Two years ago this week, the Supreme Court
opened the door for unlimited corporate spending to influence the outcome of elections in
Citizens United v. FEC.
Fast forward two years, and a footnote in Justice Stevens' dissent looks prescient.
FN 64 The majority declares by fiat that the appearance of undue influence by high-spending corporations "will not cause the electorate to lose faith in our democracy." The electorate itself has consistently indicated otherwise, both in opinion poll ... and in the laws its representatives have passed, and our colleagues have no basis for elevating their own optimism into a tenet of constitutional law.
A new independent national survey of 500 small business leaders released Wednesday by the American Sustainable Business Council, Main Street Alliance and Small Business Majority shows how that decision [pdf] has found that the vast majority of small business owners believe that Citizens United hasn't just increased the influence of large corporations, but hurt them.
Washington, DC—Two-thirds of American small business leaders believe the controversial U.S. Supreme Court decision in the Citizens United v. FEC case handed down two years ago on January 21 hurts small companies.
In fact, only nine percent of small business leaders thought the ruling positive [....]
The survey also found that 88 percent of small business owners hold a negative view of the role money plays in politics, with 68 percent viewing it very negatively. [...]

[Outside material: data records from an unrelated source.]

lemma herm_power_norm_eq_root:
  assumes "0 < p" "\<And>i. i \<in> I \<Longrightarrow> 0 \<le> w i"
  shows "herm_power_norm p I w y z = root p (\<Sum>i\<in>I. w i * cmod (herm_inner z (y i)) ^ p)"
  using assms by (simp add: herm_power_norm_def root_powr_inverse sum_nonneg)

lemma herm_power_norm_ge_term:
  assumes "finite I" "0 < p" "\<And>i. i \<in> I \<Longrightarrow> 0 \<le> w i" "j \<in> I"
  shows "root p (w j) * cmod (herm_inner z (y j)) \<le> herm_power_norm p I w y z"
proof -
  have "root p (w j) * cmod (herm_inner z (y j)) = root p (w j * cmod (herm_inner z (y j)) ^ p)"
    using assms by (simp add: real_root_mult real_root_power_cancel)
  also have "\<dots> \<le> root p (\<Sum>i\<in>I. w i * cmod (herm_inner z (y i)) ^ p)"
    using assms by (intro real_root_le_mono member_le_sum) auto
  finally show ?thesis
    using assms by (simp add: herm_power_norm_eq_root)
qed

lemma herm_power_norm_le:
  assumes "finite I" "0 < p" "\<And>i. i \<in> I \<Longrightarrow> 0 \<le> w i" "sum w I \<le> 1"
    and "0 \<le> B" "\<And>i. i \<in> I \<Longrightarrow> cmod (herm_inner z (y i)) \<le> B"
  shows "herm_power_norm p I w y z \<le> B"
proof -
  have "(\<Sum>i\<in>I. w i * cmod (herm_inner z (y i)) ^ p) \<le> (\<Sum>i\<in>I. w i * B ^ p)"
    using assms by (intro sum_mono mult_left_mono power_mono) auto
  also have "\<dots> = sum w I * B ^ p"
    by (simp add: sum_distrib_right)
  also have "\<dots> \<le> B ^ p"
    using assms by (auto intro!: mult_left_le_one_le sum_nonneg)
  finally have "root p (\<Sum>i\<in>I. w i * cmod (herm_inner z (y i)) ^ p) \<le> root p (B ^ p)"
    using assms by (simp add: real_root_le_mono)
  then show ?thesis
    using assms by (simp add: herm_power_norm_eq_root real_root_power_cancel)
qed

lemma herm_power_norm_eq_0_iff:
  assumes fin: "finite I" and p: "0 < p" and w: "\<And>i. i \<in> I \<Longrightarrow> 0 \<le> w i"
    and sep: "\<And>z. z \<noteq> 0 \<Longrightarrow> \<exists>i\<in>I. 0 < w i \<and> herm_inner z (y i) \<noteq> 0"
  shows "herm_power_norm p I w y z = 0 \<longleftrightarrow> z = 0"
proof
  assume zero: "herm_power_norm p I w y z = 0"
  show "z = 0"
  proof (rule ccontr)
    assume "z \<noteq> 0"
    then obtain i where i: "i \<in> I" "0 < w i" "herm_inner z (y i) \<noteq> 0"
      using sep by blast
    then have "0 < root p (w i) * cmod (herm_inner z (y i))"
      using p by simp
    also have "\<dots> \<le> herm_power_norm p I w y z"
      by (rule herm_power_norm_ge_term[OF fin p w i(1)])
    finally show False
      using zero by simp
  qed
next
  assume "z = 0"
  then show "herm_power_norm p I w y z = 0"
    using p by (simp add: herm_power_norm_def zero_power)
qed
(* Let $m\ge1$. For every $u$ in the even-parity sequence $\mathcal E^m$ and every $p$ in $\mathcal E^m$, the entry of $M_m$ in the row indexed by $u$ and the column indexed by $p$ is $H^{(u\oplus p)_1}\otimes\cdots\otimes H^{(u\oplus p)_m}$; and for every $u\in\mathcal E^m$ and every $p$ in the odd-parity sequence $\mathcal O^m$, the entry of $M'_m$ in the row indexed by $u$ and the column indexed by $p$ is $H^{(u\oplus p)_1}\otimes\cdots\otimes H^{(u\oplus p)_m}$. (Here $H^0=I$, $H^1=H$, and $(u\oplus p)_j$ is the $j$-th bit of the bitwise XOR of $u$ and $p$.) In other words, the matrix of local operations whose $(u,p)$ entry applies $H$ exactly at the positions where $u$ and the input $m$-tuple $p$ differ, with $u$ of even parity, coincides with $M_m$ when $p$ ranges over even-parity strings and with $M'_m$ when $p$ ranges over odd-parity strings.
   Context: The matrices $M_i$, $M'_i$ (with entries formal tensor products of length $i$ of $I$ and $H$) are defined by $M_1=I$, $M'_1=H$, $M_{i+1}=\begin{pmatrix} I\otimes M_i & H\otimes M'_i\\ H\otimes M'_i & I\otimes M_i\end{pmatrix}$, $M'_{i+1}=\begin{pmatrix} I\otimes M'_i & H\otimes M_i\\ H\otimes M_i & I\otimes M'_i\end{pmatrix}$, where $A\otimes B$ tensors $A$ on the left with every entry of $B$. $H$ is the Hadamard gate and $I$ the identity. The rows of $M_m$ and $M'_m$ and the columns of $M_m$ are indexed by the $2^{m-1}$ even-parity $m$-bit strings in the order $\mathcal E^m$, and the columns of $M'_m$ by the $2^{m-1}$ odd-parity $m$-bit strings in the order $\mathcal O^m$, where these orders are defined recursively by $\mathcal E^1=(0)$, $\mathcal O^1=(1)$, $\mathcal E^{m+1}=(0e:e\in\mathcal E^m)$ followed by $(1o:o\in\mathcal O^m)$, and $\mathcal O^{m+1}=(0o:o\in\mathcal O^m)$ followed by $(1e:e\in\mathcal E^m)$ (e.g. $\mathcal E^3=(000,011,101,110)$). *)

theory Defs
  imports Main
begin

datatype gate = I | H

text \<open>A formal tensor product G_1 \<otimes> ... \<otimes> G_i is the list [G_1,...,G_i].
  A matrix is a list of rows, each row a list of entries.\<close>
type_synonym entry = "gate list"
type_synonym gmatrix = "entry list list"

definition tens :: "gate \<Rightarrow> gmatrix \<Rightarrow> gmatrix" where
  "tens A B = map (map (\<lambda>e. A # e)) B"

definition block :: "gmatrix \<Rightarrow> gmatrix \<Rightarrow> gmatrix \<Rightarrow> gmatrix \<Rightarrow> gmatrix" where
  "block P Q R S = map2 (@) P Q @ map2 (@) R S"

text \<open>MM m = (M_m, M'_m) for m \<ge> 1 (the value at 0 is irrelevant).\<close>
fun MM :: "nat \<Rightarrow> gmatrix \<times> gmatrix" where
  "MM 0 = ([], [])"
| "MM (Suc 0) = ([[[I]]], [[[H]]])"
| "MM (Suc (Suc n)) =
     (let (A, B) = MM (Suc n) in
       (block (tens I A) (tens H B) (tens H B) (tens I A),
        block (tens I B) (tens H A) (tens H A) (tens I B)))"

definition Mmat :: "nat \<Rightarrow> gmatrix" where "Mmat m = fst (MM m)"
definition Mmat' :: "nat \<Rightarrow> gmatrix" where "Mmat' m = snd (MM m)"

text \<open>Bit strings as bool lists (True = 1). EO m = (E^m, O^m) for m \<ge> 1.\<close>
fun EO :: "nat \<Rightarrow> bool list list \<times> bool list list" where
  "EO 0 = ([], [])"
| "EO (Suc 0) = ([[False]], [[True]])"
| "EO (Suc (Suc n)) =
     (let (Ev, Od) = EO (Suc n) in
       (map (Cons False) Ev @ map (Cons True) Od,
        map (Cons False) Od @ map (Cons True) Ev))"

definition Eseq :: "nat \<Rightarrow> bool list list" where "Eseq m = fst (EO m)"
definition Oseq :: "nat \<Rightarrow> bool list list" where "Oseq m = snd (EO m)"

fun Hpow :: "bool \<Rightarrow> gate" where
  "Hpow False = I" | "Hpow True = H"

definition xor_op :: "nat \<Rightarrow> bool list \<Rightarrow> bool list \<Rightarrow> entry" where
  "xor_op m u p = map (\<lambda>j. Hpow (u ! j \<noteq> p ! j)) [0..<m]"

end

theory Submission
  imports Defs
begin

(* Write X_m(u, p) for H^((u xor p)_1) \<otimes> ... \<otimes> H^((u xor p)_m). Prepending bits a, b to
   u, p prepends H^(a xor b) to X(u, p), so the table of X_(m+1) over the recursively built
   orders E^(m+1) = (0E^m, 1O^m) and O^(m+1) = (0O^m, 1E^m) is a 2x2 block matrix whose blocks
   are I or H tensored with the tables of X_m over E^m and O^m. Exchanging E^m and O^m in both
   arguments leaves these tables unchanged (an induction of the same shape), and then the block
   recursion is literally the one defining M_(m+1) and M'_(m+1). Everything also holds for
   m = 0, where all the sequences are empty. *)

definition table :: "('a \<Rightarrow> 'b \<Rightarrow> 'c) \<Rightarrow> 'a list \<Rightarrow> 'b list \<Rightarrow> 'c list list" where
  "table f rs cs = map (\<lambda>r. map (f r) cs) rs"

lemma nth_table:
  assumes "i < length rs" "j < length cs"
  shows "table f rs cs ! i ! j = f (rs ! i) (cs ! j)"
  using assms by (simp add: table_def)

lemma block_table:
  "block (table f rs cs) (table f rs ds) (table f ss cs) (table f ss ds) = table f (rs @ ss) (cs @ ds)"
  by (simp add: block_def table_def zip_map1 zip_map2 zip_same_conv_map comp_def)

lemma xor_op_Cons: "xor_op (Suc m) (a # u) (b # p) = Hpow (a \<noteq> b) # xor_op m u p"
  unfolding xor_op_def by (simp only: map_upt_Suc) simp

lemma table_xor_op_Cons:
  "table (xor_op (Suc m)) (map (Cons a) rs) (map (Cons b) cs) = tens (Hpow (a \<noteq> b)) (table (xor_op m) rs cs)"
  by (simp add: table_def tens_def xor_op_Cons)

lemma table_xor_op_append:
  "table (xor_op (Suc m)) (map (Cons False) rs @ map (Cons True) ss) (map (Cons False) cs @ map (Cons True) ds)
     = block (tens I (table (xor_op m) rs cs)) (tens H (table (xor_op m) rs ds))
             (tens H (table (xor_op m) ss cs)) (tens I (table (xor_op m) ss ds))"
  by (simp flip: block_table add: table_xor_op_Cons)

lemma Eseq_Suc_Suc: "Eseq (Suc (Suc n)) = map (Cons False) (Eseq (Suc n)) @ map (Cons True) (Oseq (Suc n))"
  by (simp add: Eseq_def Oseq_def split: prod.split)

lemma Oseq_Suc_Suc: "Oseq (Suc (Suc n)) = map (Cons False) (Oseq (Suc n)) @ map (Cons True) (Eseq (Suc n))"
  by (simp add: Eseq_def Oseq_def split: prod.split)

lemma Mmat_Suc_Suc:
  "Mmat (Suc (Suc n)) = block (tens I (Mmat (Suc n))) (tens H (Mmat' (Suc n)))
                              (tens H (Mmat' (Suc n))) (tens I (Mmat (Suc n)))"
  by (simp add: Mmat_def Mmat'_def split: prod.split)

lemma Mmat'_Suc_Suc:
  "Mmat' (Suc (Suc n)) = block (tens I (Mmat' (Suc n))) (tens H (Mmat (Suc n)))
                               (tens H (Mmat (Suc n))) (tens I (Mmat' (Suc n)))"
  by (simp add: Mmat_def Mmat'_def split: prod.split)

lemma table_xor_op_swap_Eseq_Oseq:
  "table (xor_op m) (Oseq m) (Oseq m) = table (xor_op m) (Eseq m) (Eseq m) \<and>
   table (xor_op m) (Oseq m) (Eseq m) = table (xor_op m) (Eseq m) (Oseq m)"
proof (induction m rule: EO.induct)
  case 1
  then show ?case by (simp add: Eseq_def Oseq_def)
next
  case 2
  then show ?case by (simp add: Eseq_def Oseq_def table_def xor_op_def)
next
  case (3 n)
  then show ?case by (simp add: Eseq_Suc_Suc Oseq_Suc_Suc table_xor_op_append)
qed

lemma Mmat_Mmat'_table:
  "Mmat m = table (xor_op m) (Eseq m) (Eseq m) \<and> Mmat' m = table (xor_op m) (Eseq m) (Oseq m)"
proof (induction m rule: EO.induct)
  case 1
  then show ?case by (simp add: Mmat_def Mmat'_def Eseq_def table_def)
next
  case 2
  then show ?case by (simp add: Mmat_def Mmat'_def Eseq_def Oseq_def table_def xor_op_def)
next
  case (3 n)
  then show ?case
    using table_xor_op_swap_Eseq_Oseq[of "Suc n"]
    by (simp add: Mmat_Suc_Suc Mmat'_Suc_Suc Eseq_Suc_Suc Oseq_Suc_Suc table_xor_op_append)
qed

theorem lemma1:
  fixes m :: nat
  assumes "m \<ge> 1"
  shows "(\<forall>i < length (Eseq m). \<forall>j < length (Eseq m).
            Mmat m ! i ! j = xor_op m (Eseq m ! i) (Eseq m ! j))
       \<and> (\<forall>i < length (Eseq m). \<forall>j < length (Oseq m).
            Mmat' m ! i ! j = xor_op m (Eseq m ! i) (Oseq m ! j))"
  using Mmat_Mmat'_table[of m] by (simp add: nth_table)

end
lemma eventually_ln_measure_mean_law_ge:
  assumes A: "A \<in> sets borel" and e: "0 < e" and I: "{a..a+e} \<subseteq> A \<or> {a-e..a} \<subseteq> A"
    and del: "0 < del"
  shows "\<forall>\<^sub>F n in sequentially. 0 < measure (mean_law c n) A
    \<and> - ((a - c)\<^sup>2 / 2) - del \<le> ln (measure (mean_law c n) A) / real n"
proof -
  define r where "r = \<bar>a - c\<bar>"
  text \<open>Shrink the interval so that the quadratic error \<open>(r + e')\<^sup>2 - r\<^sup>2\<close> stays below \<open>del\<close>.\<close>
  define e' where "e' = min e (min 1 (del / (2 * r + 1)))"
  have r: "0 \<le> r" by (simp add: r_def)
  have "e' \<le> del / (2 * r + 1)" by (simp add: e'_def)
  then have e': "0 < e'" "e' \<le> 1" "e' * (2 * r + 1) \<le> del"
    using e del r by (simp_all add: e'_def pos_le_divide_eq)
  have "{a..a+e'} \<subseteq> {a..a+e}" "{a-e'..a} \<subseteq> {a-e..a}"
    by (auto simp: e'_def)
  with I have I': "{a..a+e'} \<subseteq> A \<or> {a-e'..a} \<subseteq> A"
    by blast
  have "e' * e' \<le> e'" using e' by (intro mult_left_le) auto
  then have sq: "(r + e')\<^sup>2 \<le> r\<^sup>2 + del"
    using e'(3) by (simp add: power2_eq_square algebra_simps)
  define C where "C = ln (e' / sqrt (2 * pi))"
  have "\<forall>\<^sub>F n in sequentially. - (del / 2) < C / real n"
    using lim_const_over_n[of C] del by (intro order_tendstoD) auto
  then show ?thesis using eventually_gt_at_top[of 0]
  proof eventually_elim
    case (elim n)
    note bounds = ln_measure_mean_law_ge[OF elim(2) e'(1) A I', of c, folded C_def r_def]
    have "(C - real n * (r + e')\<^sup>2 / 2) / real n \<le> ln (measure (mean_law c n) A) / real n"
      using bounds(2) elim by (simp add: divide_right_mono)
    then have "C / real n - (r + e')\<^sup>2 / 2 \<le> ln (measure (mean_law c n) A) / real n"
      using elim by (simp add: field_simps)
    then show ?case using bounds(1) elim sq by (simp add: r_def)
  qed
qed

lemma tendsto_ln_measure_mean_law:
  assumes A: "A \<in> sets borel" "A \<noteq> {}"
    and I: "\<And>a. a \<in> A \<Longrightarrow> \<exists>e>0. {a..a+e} \<subseteq> A \<or> {a-e..a} \<subseteq> A"
  shows "(\<lambda>n. - ln (measure (mean_law c n) A) / real n) \<longlonglongrightarrow> (INF x\<in>A. (x - c)\<^sup>2 / 2)"
proof -
  define R where "R = (INF x\<in>A. (x - c)\<^sup>2 / 2)"
  have bdd: "bdd_below ((\<lambda>x. (x - c)\<^sup>2 / 2) ` A)"
    by (rule bdd_belowI[of _ 0]) auto
  obtain a e where "a \<in> A" "0 < e" "{a..a+e} \<subseteq> A \<or> {a-e..a} \<subseteq> A"
    using A(2) I by blast
  then have pos: "\<forall>\<^sub>F n in sequentially. 0 < measure (mean_law c n) A"
    using eventually_ln_measure_mean_law_ge[OF A(1), of e a 1 c] by (auto elim: eventually_mono)
  have "(\<lambda>n. - ln (measure (mean_law c n) A) / real n) \<longlonglongrightarrow> R"
  proof (rule order_tendstoI)
    fix y assume "y < R"
    have "\<forall>x\<in>A. R \<le> (x - c)\<^sup>2 / 2" unfolding R_def using cINF_lower[OF bdd] by blast
    moreover have "0 < (R - y) / 2" using \<open>y < R\<close> by simp
    ultimately have "\<forall>\<^sub>F n in sequentially.
        ereal (1 / real n) * elog (measure (mean_law c n) A) \<le> ereal ((R - y) / 2 - R)"
      by (rule eventually_elog_measure_mean_law_le[OF A(1)])
    with pos show "\<forall>\<^sub>F n in sequentially. y < - ln (measure (mean_law c n) A) / real n"
    proof eventually_elim
      case (elim n)
      then have "ln (measure (mean_law c n) A) / real n \<le> (R - y) / 2 - R"
        by (simp add: ereal_mult_elog)
      then show ?case using \<open>y < R\<close> by (simp add: field_simps)
    qed
  next
    fix y assume "R < y"
    then obtain a where a: "a \<in> A" "(a - c)\<^sup>2 / 2 < y"
      using cINF_less_iff[OF A(2) bdd] unfolding R_def by blast
    with I obtain e where e: "0 < e" "{a..a+e} \<subseteq> A \<or> {a-e..a} \<subseteq> A" by blast
    define del where "del = (y - (a - c)\<^sup>2 / 2) / 2"
    have "(a - c)\<^sup>2 / 2 + del < y" using a(2) by (simp add: del_def field_simps)
    have "0 < del" using a(2) by (simp add: del_def)
    from eventually_ln_measure_mean_law_ge[OF A(1) e this, of c]
    show "\<forall>\<^sub>F n in sequentially. - ln (measure (mean_law c n) A) / real n < y"
    proof eventually_elim
      case (elim n)
      then have "- (ln (measure (mean_law c n) A) / real n) \<le> (a - c)\<^sup>2 / 2 + del"
        by linarith
      then have "- (ln (measure (mean_law c n) A) / real n) < y"
        using \<open>(a - c)\<^sup>2 / 2 + del < y\<close> by linarith
      then show ?case by (simp only: minus_divide_left)
    qed
  qed
  then show ?thesis unfolding R_def .
qed

section \<open>The large deviation principle for \<open>(M\<^sub>n, W\<^sub>n)\<close>\<close>

lemma measurable_W_of_M_graph [measurable]: "(\<lambda>m. (m, W_of_M mu m)) \<in> borel_measurable borel"
  unfolding W_of_M_def by measurable

lemma measurable_Wn [measurable]: "Wn mu n \<in> borel_measurable (Qn mu n)"
  unfolding Wn_def Ln_def by measurable

lemma pair_law_eq_distr:
  assumes "0 < n"
  shows "pair_law mu n = distr (mean_law mu n) borel (\<lambda>m. (m, W_of_M mu m))"
proof -
  have "pair_law mu n = distr (Qn mu n) borel (\<lambda>x. (Mn n x, W_of_M mu (Mn n x)))"
    unfolding pair_law_def
    by (rule distr_cong_AE) (use Wn_AE_eq[OF assms, of mu] in \<open>auto simp: W_of_M_def\<close>)
  also have "\<dots> = distr (distr (Qn mu n) borel (Mn n)) borel (\<lambda>m. (m, W_of_M mu m))"
    by (subst distr_distr) (auto simp: comp_def)
  finally show ?thesis by (simp add: distr_Mn[OF assms])
qed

"Small business owners aren’t stupid," said Melanie Collins, owner of Melanie’s Home Childcare in Falmouth, Maine and a leader with the Maine Small Business Coalition and Main Street Alliance. "We know who wins when corporate heavy hitters can spend all the money they want, as secretively as they want, to influence our country’s elections—and it’s not us. The Citizens United decision stacked the deck against small businesses. We’ve got to unstack that deck."
That should all come as an unwelcome surprise to the U.S. Chamber of Commerce and, of course, the Republican Party. This is the second survey in just a few months that shows that small business owners and the Republican members of Congress who claim to be representing them don't agree.